I’ve been trying to train model to classify surname language with a char-level rnn.
But model during 10 epochs shows almost the same train and validation loss.
And in confusion matrix all predicts point at only one column.
That’s my notebook on colab.

What am I doing wrong?
Can someone give an advice?

I’ve only had a really quick look at your code - I can have a more in depth look if this suggestion doesn’t work.

Specifically, I’m looking at your train function. It looks as though you’re trying to zero_grad() your model - not your optimizer. My suggestion would be to refactor your train function have:

zero_grad() your optimizer, to avoid accumulating gradients. Usually do this at the start of your training loop.

Actually my notebook is modified version of that nice notebook in which there’s no optimizer and SGD is obtained by manual subtracting of gradients.

This way first we zero our net grads:

rnn.zero_grad()

After that we get output of net and calculate our loss:

loss = criterion(output, category_tensor)
Next we calculate derivatives via backward():

loss.backward()

and finally manual subtracting:

for p in rnn.parameters():
p.data.add_(-learning_rate, p.grad.data)

What I’ve changed in that is that I replace random data point choosing by creating train/validation datasets and add loss output.
But I can’t find the place where I spoil something.
Can you pls take another look at that?

And after every such training I got different confusion matrices which have the same pattern:
only one category was classified for whole dataset (maybe with some noise).
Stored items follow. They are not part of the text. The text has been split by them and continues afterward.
(* Fix $N\ge 2$. For each integer $E$ with $1\le E\le N(N-1)$, let $m(E)$ be the minimum of the graph entropy $\mathrm{H}_{\mathcal G}[\mathbf Z]$ over all directed graphs without self-loops on $N$ nodes with exactly $E$ edges. Then $m$ is nondecreasing: if $1\le E_1\le E_2\le N(N-1)$ then $m(E_1)\le m(E_2)$. That is, given the number of nodes, a graph with fewer edges has a smaller (or equal) lower bound of graph entropy.
   Context: A directed graph on $N\ge 2$ nodes without self-loops is encoded by a zero-diagonal binary matrix $\mathbf Z=(z_{ij})\in\{0,1\}^{N\times N}$, with $z_{ij}=1$ meaning a directed edge $(i,j)$. The in-degree of node $j$ is $d_j=\sum_{i=1}^N z_{ij}$, and the number of edges is $|\mathcal E|=\sum_{i\ne j} z_{ij}$. For $|\mathcal E|\ge 1$, the graph entropy is $$\mathrm{H}_{\mathcal G}[\mathbf Z]=-\frac{1}{\ln N}\sum_{j=1}^N \frac{d_j}{|\mathcal E|}\ln\frac{d_j}{|\mathcal E|},$$ with the convention $0\ln 0=0$. *)

theory Defs
  imports Complex_Main
begin

text \<open>A directed graph without self-loops on nodes 0..N-1 is represented by its edge set
  Z, a set of pairs (i,j) with i \<noteq> j (z_ij = 1 iff (i,j) \<in> Z).\<close>

definition offdiag :: "nat \<Rightarrow> (nat \<times> nat) set" where
  "offdiag N = {(i, j). i < N \<and> j < N \<and> i \<noteq> j}"

definition digraphs :: "nat \<Rightarrow> nat \<Rightarrow> (nat \<times> nat) set set" where
  "digraphs N E = {Z. Z \<subseteq> offdiag N \<and> card Z = E}"

definition in_degree :: "(nat \<times> nat) set \<Rightarrow> nat \<Rightarrow> nat" where
  "in_degree Z j = card {i. (i, j) \<in> Z}"

text \<open>Graph entropy; note that 0 * ln 0 = 0 in Isabelle since ln 0 = 0.\<close>
definition graph_entropy :: "nat \<Rightarrow> (nat \<times> nat) set \<Rightarrow> real" where
  "graph_entropy N Z = - (1 / ln (real N)) *
     (\<Sum>j<N. (real (in_degree Z j) / real (card Z)) * ln (real (in_degree Z j) / real (card Z)))"

definition min_entropy :: "nat \<Rightarrow> nat \<Rightarrow> real" where
  "min_entropy N E = Min (graph_entropy N ` digraphs N E)"

end

theory Submission imports Defs begin

text \<open>Write \<open>n = |E|\<close> and \<open>S = \<Sum>\<^sub>j d\<^sub>j ln d\<^sub>j\<close>; then the graph entropy is
  \<open>(ln n - S / n) / ln N\<close>. Deleting one edge that enters a node of smallest positive in-degree
  \<open>d\<close> replaces \<open>S\<close> by \<open>S - d ln d + (d - 1) ln (d - 1)\<close>. Since every positive in-degree is at
  least \<open>d\<close>, \<open>S \<ge> n ln d\<close>, and together with the monotonicity of \<open>t (ln (t + 1) - ln t)\<close>
  (applied at \<open>d - 1 \<le> n - 1\<close>) this shows that the entropy does not increase. So a minimiser with \<open>E + 1\<close> edges
  loses an edge without gaining entropy, and induction on the number of edges finishes.\<close>

lemma mult_ln_succ_diff_mono:
  fixes a b :: real
  assumes "0 \<le> a" "a \<le> b"
  shows "a * (ln (a + 1) - ln a) \<le> b * (ln (b + 1) - ln b)"
proof (cases "a = 0")
  case True
  have "ln b \<le> ln (b + 1)"
    using assms by (cases "b = 0") auto
  then show ?thesis
    using True assms by simp
next
  case False
  show ?thesis
  proof (rule DERIV_nonneg_imp_increasing_open[of a b "\<lambda>t. t * (ln (t + 1) - ln t)"])
    show "a \<le> b" by fact
    show "continuous_on {a..b} (\<lambda>t. t * (ln (t + 1) - ln t))"
      using assms False by (intro continuous_intros) auto
    fix x assume "a < x" "x < b"
    hence "0 < x" using assms by auto
    have "DERIV (\<lambda>t. t * (ln (t + 1) - ln t)) x :> ln (x + 1) - ln x + x * (1 / (x + 1) - 1 / x)"
      using \<open>0 < x\<close> by (auto intro!: derivative_eq_intros)
    moreover have "ln (x / (x + 1)) \<le> x / (x + 1) - 1"
      using \<open>0 < x\<close> by (intro ln_le_minus_one) auto
    then have "0 \<le> ln (x + 1) - ln x + x * (1 / (x + 1) - 1 / x)"
      using \<open>0 < x\<close> by (simp add: ln_div right_diff_distrib)
    ultimately show "\<exists>y. DERIV (\<lambda>t. t * (ln (t + 1) - ln t)) x :> y \<and> 0 \<le> y"
      by blast
  qed
qed

lemma ln_minus_mean_le_after_decrement:
  fixes n d S :: real
  assumes "2 \<le> n" "1 \<le> d" "d \<le> n" "n * ln d \<le> S"
  shows "ln (n - 1) - (S - d * ln d + (d - 1) * ln (d - 1)) / (n - 1) \<le> ln n - S / n"
proof -
  define S' where "S' = S - d * ln d + (d - 1) * ln (d - 1)"
  have "(d - 1) * (ln d - ln (d - 1)) \<le> (n - 1) * (ln n - ln (n - 1))"
    using mult_ln_succ_diff_mono[of "d - 1" "n - 1"] assms by simp
  then have "n * ((d - 1) * (ln d - ln (d - 1))) \<le> n * ((n - 1) * (ln n - ln (n - 1)))"
    using assms by (intro mult_left_mono) auto
  moreover have "n * S' - (n - 1) * S = S - n * ln d - n * ((d - 1) * (ln d - ln (d - 1)))"
    unfolding S'_def by (simp add: algebra_simps)
  ultimately have "(n - 1) * S - n * ((n - 1) * (ln n - ln (n - 1))) \<le> n * S'"
    using assms(4) by linarith
  moreover have "0 < n - 1" using assms by simp
  ultimately show ?thesis
    unfolding S'_def[symmetric] by (simp add: field_simps)
qed

lemma finite_offdiag: "finite (offdiag N)"
  unfolding offdiag_def by (rule finite_subset[of _ "{..<N} \<times> {..<N}"]) auto

lemma card_offdiag: "card (offdiag N) = N * (N - 1)"
proof -
  have "offdiag N = (SIGMA i:{..<N}. {..<N} - {i})"
    unfolding offdiag_def by auto
  then have "card (offdiag N) = (\<Sum>i<N. card ({..<N} - {i}))"
    by (simp add: card_SigmaI)
  also have "\<dots> = (\<Sum>i<N. N - 1)"
    by (intro sum.cong) auto
  finally show ?thesis by simp
qed

lemma finite_digraphs: "finite (digraphs N E)"
  unfolding digraphs_def by (rule finite_subset[of _ "Pow (offdiag N)"]) (auto simp: finite_offdiag)

lemma digraphs_nonempty:
  assumes "E \<le> N * (N - 1)"
  shows "digraphs N E \<noteq> {}"
  using obtain_subset_with_card_n[of E "offdiag N"] assms
  unfolding digraphs_def card_offdiag by blast

lemma finite_in_neighbours: "finite Z \<Longrightarrow> finite {i. (i, j) \<in> Z}"
  by (rule finite_subset[of _ "fst ` Z"]) force+

lemma in_degree_pos:
  assumes "finite Z" "(i, j) \<in> Z"
  shows "0 < in_degree Z j"
  using assms finite_in_neighbours[of Z j] unfolding in_degree_def by (auto simp: card_gt_0_iff)

lemma in_degree_remove_edge:
  assumes "finite Z" "(i, k) \<in> Z"
  shows "in_degree (Z - {(i, k)}) j = (if j = k then in_degree Z k - 1 else in_degree Z j)"
proof -
  have "{i'. (i', j) \<in> Z - {(i, k)}} = {i'. (i', j) \<in> Z} - (if j = k then {i} else {})"
    by auto
  then show ?thesis
    using assms finite_in_neighbours[of Z j] unfolding in_degree_def by auto
qed

lemma sum_in_degree:
  assumes "Z \<subseteq> offdiag N"
  shows "(\<Sum>j<N. in_degree Z j) = card Z"
proof -
  have "finite Z"
    using assms finite_offdiag finite_subset by blast
  have "Z = (\<Union>j<N. (\<lambda>i. (i, j)) ` {i. (i, j) \<in> Z})"
    using assms unfolding offdiag_def by auto
  moreover have "card (\<Union>j<N. (\<lambda>i. (i, j)) ` {i. (i, j) \<in> Z})
      = (\<Sum>j<N. card ((\<lambda>i. (i, j)) ` {i. (i, j) \<in> Z}))"
    by (rule card_UN_disjoint) (auto simp: finite_in_neighbours[OF \<open>finite Z\<close>])
  ultimately have "card Z = (\<Sum>j<N. card ((\<lambda>i. (i, j)) ` {i. (i, j) \<in> Z}))"
    by simp
  also have "\<dots> = (\<Sum>j<N. in_degree Z j)"
    unfolding in_degree_def by (intro sum.cong refl card_image) (auto simp: inj_on_def)
  finally show ?thesis by simp
qed

lemma graph_entropy_eq:
  assumes "Z \<subseteq> offdiag N" "0 < card Z"
  shows "graph_entropy N Z =
    (ln (card Z) - (\<Sum>j<N. real (in_degree Z j) * ln (in_degree Z j)) / card Z) / ln N"
proof -
  define n where "n = real (card Z)"
  have "0 < n" using assms n_def by simp
  have term_eq: "(real (in_degree Z j) / n) * ln (real (in_degree Z j) / n)
      = real (in_degree Z j) * ln (in_degree Z j) / n - real (in_degree Z j) * ln n / n" for j
    using \<open>0 < n\<close> by (cases "in_degree Z j = 0") (auto simp: ln_div field_simps)
  have "(\<Sum>j<N. real (in_degree Z j)) = n"
    using sum_in_degree[OF assms(1)] n_def by (metis of_nat_sum)
  then have entropy_sum: "(\<Sum>j<N. (real (in_degree Z j) / n) * ln (real (in_degree Z j) / n))
      = (\<Sum>j<N. real (in_degree Z j) * ln (in_degree Z j)) / n - ln n"
    using \<open>0 < n\<close>
    unfolding term_eq by (simp add: sum_subtractf sum_divide_distrib[symmetric] sum_distrib_right[symmetric])
  show ?thesis
    unfolding graph_entropy_def n_def[symmetric] entropy_sum by (simp add: algebra_simps diff_divide_distrib)
qed

lemma card_mult_ln_le_sum_in_degree:
  assumes "Z \<subseteq> offdiag N" "0 < d" "\<And>j. j < N \<Longrightarrow> 0 < in_degree Z j \<Longrightarrow> d \<le> in_degree Z j"
  shows "real (card Z) * ln d \<le> (\<Sum>j<N. real (in_degree Z j) * ln (in_degree Z j))"
proof -
  have "real (card Z) * ln d = (\<Sum>j<N. real (in_degree Z j) * ln d)"
    using sum_in_degree[OF assms(1)] by (metis of_nat_sum sum_distrib_right)
  also have "\<dots> \<le> (\<Sum>j<N. real (in_degree Z j) * ln (in_degree Z j))"
    using assms(2,3) by (intro sum_mono) (fastforce intro: mult_left_mono)
  finally show ?thesis .
qed

lemma ex_edge_into_min_in_degree:
  assumes "Z \<subseteq> offdiag N" "Z \<noteq> {}"
  obtains i k where "(i, k) \<in> Z"
    "\<And>j. j < N \<Longrightarrow> 0 < in_degree Z j \<Longrightarrow> in_degree Z k \<le> in_degree Z j"
proof -
  have "finite Z"
    using assms(1) finite_offdiag finite_subset by blast
  obtain i j where "(i, j) \<in> Z"
    using assms(2) by auto
  then have "j < N \<and> 0 < in_degree Z j"
    using assms(1) in_degree_pos[OF \<open>finite Z\<close>] unfolding offdiag_def by auto
  then obtain k where k: "0 < in_degree Z k"
    and k_min: "\<And>j. j < N \<Longrightarrow> 0 < in_degree Z j \<Longrightarrow> in_degree Z k \<le> in_degree Z j"
    using ex_has_least_nat[of "\<lambda>j. j < N \<and> 0 < in_degree Z j" j "in_degree Z"] by blast
  then have "{i. (i, k) \<in> Z} \<noteq> {}"
    unfolding in_degree_def by (auto simp: card_gt_0_iff)
  with k_min that show ?thesis
    by blast
qed

lemma remove_edge_entropy_le:
  assumes "N \<ge> 2" "Z \<subseteq> offdiag N" "card Z = Suc m" "1 \<le> m"
  shows "\<exists>Z'. Z' \<subseteq> offdiag N \<and> card Z' = m \<and> graph_entropy N Z' \<le> graph_entropy N Z"
proof -
  have "finite Z"
    using assms(2) finite_offdiag finite_subset by blast
  have "Z \<noteq> {}"
    using assms(3) by auto
  then obtain i k where "(i, k) \<in> Z"
    and k_min: "\<And>j. j < N \<Longrightarrow> 0 < in_degree Z j \<Longrightarrow> in_degree Z k \<le> in_degree Z j"
    using ex_edge_into_min_in_degree[OF assms(2)] by blast
  have k: "k < N" "0 < in_degree Z k"
    using assms(2) \<open>(i, k) \<in> Z\<close> in_degree_pos[OF \<open>finite Z\<close>] unfolding offdiag_def by auto
  define d where "d = in_degree Z k"
  define Z' where "Z' = Z - {(i, k)}"
  have "Z' \<subseteq> offdiag N" and card_Z': "card Z' = m"
    using assms(2,3) \<open>finite Z\<close> \<open>(i, k) \<in> Z\<close> unfolding Z'_def by auto
  define f where "f = (\<lambda>t::nat. real t * ln (real t))"
  define S where "S = (\<Sum>j<N. f (in_degree Z j))"
  have S_split: "S = f d + (\<Sum>j\<in>{..<N} - {k}. f (in_degree Z j))"
    unfolding S_def d_def using k(1) by (simp add: sum.remove)
  have "(\<Sum>j<N. f (in_degree Z' j)) = f (d - 1) + (\<Sum>j\<in>{..<N} - {k}. f (in_degree Z j))"
    unfolding Z'_def in_degree_remove_edge[OF \<open>finite Z\<close> \<open>(i, k) \<in> Z\<close>] d_def
    using k(1) by (simp add: sum.remove)
  also have "\<dots> = S - real d * ln d + (real d - 1) * ln (real d - 1)"
    unfolding S_split f_def using k(2) d_def by (simp add: of_nat_diff)
  finally have S': "(\<Sum>j<N. f (in_degree Z' j)) = \<dots>" .
  have "d \<le> Suc m"
    using member_le_sum[of k "{..<N}" "in_degree Z"] k(1) sum_in_degree[OF assms(2)] assms(3)
    unfolding d_def by simp
  have "real (Suc m) * ln d \<le> S"
    using card_mult_ln_le_sum_in_degree[OF assms(2), of d] k_min k(2) assms(3)
    unfolding S_def f_def d_def by simp
  then have "ln (real m) - (\<Sum>j<N. f (in_degree Z' j)) / real m \<le> ln (Suc m) - S / Suc m"
    using ln_minus_mean_le_after_decrement[of "Suc m" d S] assms(4) k(2) \<open>d \<le> Suc m\<close>
    unfolding S' d_def by simp
  moreover have "0 < ln (real N)"
    using assms(1) by simp
  ultimately have "graph_entropy N Z' \<le> graph_entropy N Z"
    using graph_entropy_eq[OF assms(2)] graph_entropy_eq[OF \<open>Z' \<subseteq> offdiag N\<close>] assms(3,4) card_Z'
    unfolding S_def f_def by (simp add: divide_right_mono)
  then show ?thesis
    using \<open>Z' \<subseteq> offdiag N\<close> card_Z' by blast
qed

lemma min_entropy_le_Suc:
  assumes "N \<ge> 2" "1 \<le> E" "Suc E \<le> N * (N - 1)"
  shows "min_entropy N E \<le> min_entropy N (Suc E)"
proof -
  have "min_entropy N (Suc E) \<in> graph_entropy N ` digraphs N (Suc E)"
    unfolding min_entropy_def using finite_digraphs digraphs_nonempty[OF assms(3)] by (intro Min_in) auto
  then obtain W where W: "W \<in> digraphs N (Suc E)" "min_entropy N (Suc E) = graph_entropy N W"
    by auto
  then obtain W' where W': "W' \<in> digraphs N E" "graph_entropy N W' \<le> graph_entropy N W"
    using remove_edge_entropy_le[OF assms(1) _ _ assms(2)] unfolding digraphs_def by blast
  have "min_entropy N E \<le> graph_entropy N W'"
    unfolding min_entropy_def using finite_digraphs W'(1) by (intro Min_le) auto
  with W(2) W'(2) show ?thesis
    by simp
qed

theorem corollary1:
  fixes N E1 E2 :: nat
  assumes "N \<ge> 2" and "1 \<le> E1" and "E1 \<le> E2" and "E2 \<le> N * (N - 1)"
  shows "min_entropy N E1 \<le> min_entropy N E2"
  using assms(3,4)
proof (induction E2 rule: dec_induct)
  case base
  then show ?case by simp
next
  case (step E)
  then have "min_entropy N E \<le> min_entropy N (Suc E)"
    using min_entropy_le_Suc[OF assms(1)] assms(2) by simp
  with step show ?case by simp
qed

end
I am not really familiar with RNNs, but looking at your code, I see hidden.detach_(), which removes the variable from the computation graph and therefore may cause your error. Here’s a link that explains what detach() does.

Yes, I did.
But there were no data set splitting into train/valid and data points were chosen by random.
So I only added data splitting.
The most confusing moment is that in confusion matrix is “active” only one category column (screens above) after every next training

The loss difference between training and validation suggests overfitting, which is normal considering that your model seems to always be predicting the same class, as shown in the confusion matrix.

I’m afraid I can’t be of more help, but I would try to find where your model and the one from the tutorial diverge (check if the variable hidden is similar in both cases).